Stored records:
lemma submod_fadd: "tensor_submod U \<Longrightarrow> f \<in> U \<Longrightarrow> g \<in> U \<Longrightarrow> fadd f g \<in> U"
  and submod_neg: "tensor_submod U \<Longrightarrow> f \<in> U \<Longrightarrow> (\<lambda>q. - f q) \<in> U"
  and submod_lact: "tensor_submod U \<Longrightarrow> f \<in> U \<Longrightarrow> lact a f \<in> U"
  and submod_ract: "tensor_submod U \<Longrightarrow> f \<in> U \<Longrightarrow> ract f a \<in> U"
  and submod_rel: "tensor_submod U \<Longrightarrow> f \<in> tensor_rel \<Longrightarrow> f \<in> U"
  and submod_free: "tensor_submod U \<Longrightarrow> f \<in> U \<Longrightarrow> f \<in> free_grp"
  unfolding tensor_submod_def by blast+

lemma submod_fsub:
  assumes "tensor_submod U" "f \<in> U" "g \<in> U" shows "fsub f g \<in> U"
proof -
  have "fadd f (\<lambda>q. - g q) \<in> U" using assms by (intro submod_fadd submod_neg)
  moreover have "fadd f (\<lambda>q. - g q) = fsub f g" by (simp add: fun_eq_iff fadd_def fsub_def)
  ultimately show ?thesis by simp
qed

lemma submod_saturated:
  assumes U: "tensor_submod U" and u: "u \<in> U" and f: "f \<in> free_grp" and eq: "coord f = coord u"
  shows "f \<in> U"
proof -
  have "fsub f u \<in> tensor_rel" using eq f submod_free[OF U u] by (simp add: rel_iff_coord_eq)
  then have "fadd (fsub f u) u \<in> U" by (rule submod_fadd[OF U submod_rel[OF U] u])
  moreover have "fadd (fsub f u) u = f" by (simp add: fun_eq_iff fadd_def fsub_def)
  ultimately show ?thesis by simp
qed

lemma submod_right_ideal:
  assumes U: "tensor_submod U" and u: "u \<in> U" and f: "f \<in> free_grp" and eq: "coord f = coord u * w"
  shows "f \<in> U"
proof -
  obtain w1 w2 w3 w4 where w: "w = Dual2 w1 w2 w3 w4" by (cases w)
  have "rmul u w \<in> U"
    unfolding w rmul.simps by (intro submod_fadd[OF U] submod_lact[OF U] submod_ract[OF U] u)
  moreover have "coord f = coord (rmul u w)"
    using eq coord_rmul[OF submod_free[OF U u]] by simp
  ultimately show ?thesis using submod_saturated[OF U _ f] by blast
qed

lemma submod_invertible_full:
  assumes U: "tensor_submod U" and u: "u \<in> U" and inv: "invertible (coord u)"
  shows "U = free_grp"
proof
  show "U \<subseteq> free_grp" using U submod_free by blast
next
  obtain y where y: "coord u * y = 1" using inv unfolding invertible_def by blast
  show "free_grp \<subseteq> U"
  proof
    fix f :: "'a tensor_rep" assume f: "f \<in> free_grp"
    have "coord f = coord u * (y * coord f)" by (simp add: mult.assoc[symmetric] y)
    then show "f \<in> U" by (rule submod_right_ideal[OF U u f])
  qed
qed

EXERCISE:
Each of the records is to be repeated word for word.

WRITTEN RESPONSE:
lemma submod_fadd: "tensor_submod U \<Longrightarrow> f \<in> U \<Longrightarrow> g \<in> U \<Longrightarrow> fadd f g \<in> U"
  and submod_neg: "tensor_submod U \<Longrightarrow> f \<in> U \<Longrightarrow> (\<lambda>q. - f q) \<in> U"
  and submod_lact: "tensor_submod U \<Longrightarrow> f \<in> U \<Longrightarrow> lact a f \<in> U"
  and submod_ract: "tensor_submod U \<Longrightarrow> f \<in> U \<Longrightarrow> ract f a \<in> U"
  and submod_rel: "tensor_submod U \<Longrightarrow> f \<in> tensor_rel \<Longrightarrow> f \<in> U"
  and submod_free: "tensor_submod U \<Longrightarrow> f \<in> U \<Longrightarrow> f \<in> free_grp"
  unfolding tensor_submod_def by blast+

lemma submod_fsub:
  assumes "tensor_submod U" "f \<in> U" "g \<in> U" shows "fsub f g \<in> U"
proof -
  have "fadd f (\<lambda>q. - g q) \<in> U" using assms by (intro submod_fadd submod_neg)
  moreover have "fadd f (\<lambda>q. - g q) = fsub f g" by (simp add: fun_eq_iff fadd_def fsub_def)
  ultimately show ?thesis by simp
qed

lemma submod_saturated:
  assumes U: "tensor_submod U" and u: "u \<in> U" and f: "f \<in> free_grp" and eq: "coord f = coord u"
  shows "f \<in> U"
proof -
  have "fsub f u \<in> tensor_rel" using eq f submod_free[OF U u] by (simp add: rel_iff_coord_eq)
  then have "fadd (fsub f u) u \<in> U" by (rule submod_fadd[OF U submod_rel[OF U] u])
  moreover have "fadd (fsub f u) u = f" by (simp add: fun_eq_iff fadd_def fsub_def)
  ultimately show ?thesis by simp
qed

lemma submod_right_ideal:
  assumes U: "tensor_submod U" and u: "u \<in> U" and f: "f \<in> free_grp" and eq: "coord f = coord u * w"
  shows "f \<in> U"
proof -
  obtain w1 w2 w3 w4 where w: "w = Dual2 w1 w2 w3 w4" by (cases w)
  have "rmul u w \<in> U"
    unfolding w rmul.simps by (intro submod_fadd[OF U] submod_lact[OF U] submod_ract[OF U] u)
  moreover have "coord f = coord (rmul u w)"
    using eq coord_rmul[OF submod_free[OF U u]] by simp
  ultimately show ?thesis using submod_saturated[OF U _ f] by blast
qed

lemma submod_invertible_full:
  assumes U: "tensor_submod U" and u: "u \<in> U" and inv: "invertible (coord u)"
  shows "U = free_grp"
proof
  show "U \<subseteq> free_grp" using U submod_free by blast
next
  obtain y where y: "coord u * y = 1" using inv unfolding invertible_def by blast
  show "free_grp \<subseteq> U"
  proof
    fix f :: "'a tensor_rep" assume f: "f \<in> free_grp"
    have "coord f = coord u * (y * coord f)" by (simp add: mult.assoc[symmetric] y)
    then show "f \<in> U" by (rule submod_right_ideal[OF U u f])
  qed
qed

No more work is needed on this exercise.